▶ Your goal
Once you find the line with "using W skew_delta_carrier" in the entries below, return exactly every line from it through the line with "fix g x assume".

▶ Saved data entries

lemma stable_submodule_preimage:
  assumes W: "submodule (skew_carrier U) smult W" and S: "pstab \<Psi> S \<subseteq> U" and C: "C \<subseteq> \<Psi>"
  shows "stable_submodule act \<Psi> S C (length gens) (length pts)
    {x \<in> coeff_space (length gens) (length pts) C. eval_coeffs x \<in> W}"
proof -
  have in_coeffs: "x \<in> coeffs" if "x \<in> coeff_space (length gens) (length pts) C" for x
    using coeff_space_mono[OF C] that by blast
  have W_closed: "0 \<in> W" "\<And>v w. v \<in> W \<Longrightarrow> w \<in> W \<Longrightarrow> v + w \<in> W"
    "\<And>g a w. g \<in> U \<Longrightarrow> w \<in> W \<Longrightarrow> smult (skew_delta g a) w \<in> W"
    using W skew_delta_carrier unfolding submodule_def by blast+
  have "id \<in> pstab \<Psi> S" unfolding pstab_def using id_Sym by simp
  then have "id \<in> U" using S by blast
  show ?thesis
    unfolding stable_submodule_def
  proof (intro conjI ballI allI)
    show "(\<lambda>m. 0) \<in> {x \<in> coeff_space (length gens) (length pts) C. eval_coeffs x \<in> W}"
      using W_closed(1) by (simp add: coeff_space_zero eval_coeffs_zero)
  next
    fix x y assume "x \<in> {x \<in> coeff_space (length gens) (length pts) C. eval_coeffs x \<in> W}"
      "y \<in> {x \<in> coeff_space (length gens) (length pts) C. eval_coeffs x \<in> W}"
    then show "(\<lambda>m. x m + y m) \<in> {x \<in> coeff_space (length gens) (length pts) C. eval_coeffs x \<in> W}"
      using in_coeffs W_closed(2) by (simp add: coeff_space_add eval_coeffs_add)
  next
    fix x assume "x \<in> {x \<in> coeff_space (length gens) (length pts) C. eval_coeffs x \<in> W}"
    then show "(\<lambda>m. - x m) \<in> {x \<in> coeff_space (length gens) (length pts) C. eval_coeffs x \<in> W}"
      using in_coeffs W_closed(3)[OF \<open>id \<in> U\<close>] by (simp add: coeff_space_uminus eval_coeffs_uminus)
  next
    fix a x assume "x \<in> {x \<in> coeff_space (length gens) (length pts) C. eval_coeffs x \<in> W}"
    then show "(\<lambda>m. a * x m) \<in> {x \<in> coeff_space (length gens) (length pts) C. eval_coeffs x \<in> W}"
      using in_coeffs W_closed(3)[OF \<open>id \<in> U\<close>] by (simp add: coeff_space_mult eval_coeffs_mult)
  next
    fix g x assume g: "g \<in> supported_pstab \<Psi> S C"
      and x: "x \<in> {x \<in> coeff_space (length gens) (length pts) C. eval_coeffs x \<in> W}"
    have "g \<in> U" using g supported_pstab_pstab S by blast
    then show "coeff_act act g x \<in> {x \<in> coeff_space (length gens) (length pts) C. eval_coeffs x \<in> W}"
      using coeff_space_coeff_act[OF supported_pstab_Sym[OF g] _ supported_pstab_closed[OF g]]
        eval_coeffs_coeff_act[OF supported_pstab_Sym[OF g]] in_coeffs W_closed(3) x by simp
  qed (simp add: Collect_mono)
qed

▶ Task output
    using W skew_delta_carrier unfolding submodule_def by blast+
  have "id \<in> pstab \<Psi> S" unfolding pstab_def using id_Sym by simp
  then have "id \<in> U" using S by blast
  show ?thesis
    unfolding stable_submodule_def
  proof (intro conjI ballI allI)
    show "(\<lambda>m. 0) \<in> {x \<in> coeff_space (length gens) (length pts) C. eval_coeffs x \<in> W}"
      using W_closed(1) by (simp add: coeff_space_zero eval_coeffs_zero)
  next
    fix x y assume "x \<in> {x \<in> coeff_space (length gens) (length pts) C. eval_coeffs x \<in> W}"
      "y \<in> {x \<in> coeff_space (length gens) (length pts) C. eval_coeffs x \<in> W}"
    then show "(\<lambda>m. x m + y m) \<in> {x \<in> coeff_space (length gens) (length pts) C. eval_coeffs x \<in> W}"
      using in_coeffs W_closed(2) by (simp add: coeff_space_add eval_coeffs_add)
  next
    fix x assume "x \<in> {x \<in> coeff_space (length gens) (length pts) C. eval_coeffs x \<in> W}"
    then show "(\<lambda>m. - x m) \<in> {x \<in> coeff_space (length gens) (length pts) C. eval_coeffs x \<in> W}"
      using in_coeffs W_closed(3)[OF \<open>id \<in> U\<close>] by (simp add: coeff_space_uminus eval_coeffs_uminus)
  next
    fix a x assume "x \<in> {x \<in> coeff_space (length gens) (length pts) C. eval_coeffs x \<in> W}"
    then show "(\<lambda>m. a * x m) \<in> {x \<in> coeff_space (length gens) (length pts) C. eval_coeffs x \<in> W}"
      using in_coeffs W_closed(3)[OF \<open>id \<in> U\<close>] by (simp add: coeff_space_mult eval_coeffs_mult)
  next
    fix g x assume g: "g \<in> supported_pstab \<Psi> S C"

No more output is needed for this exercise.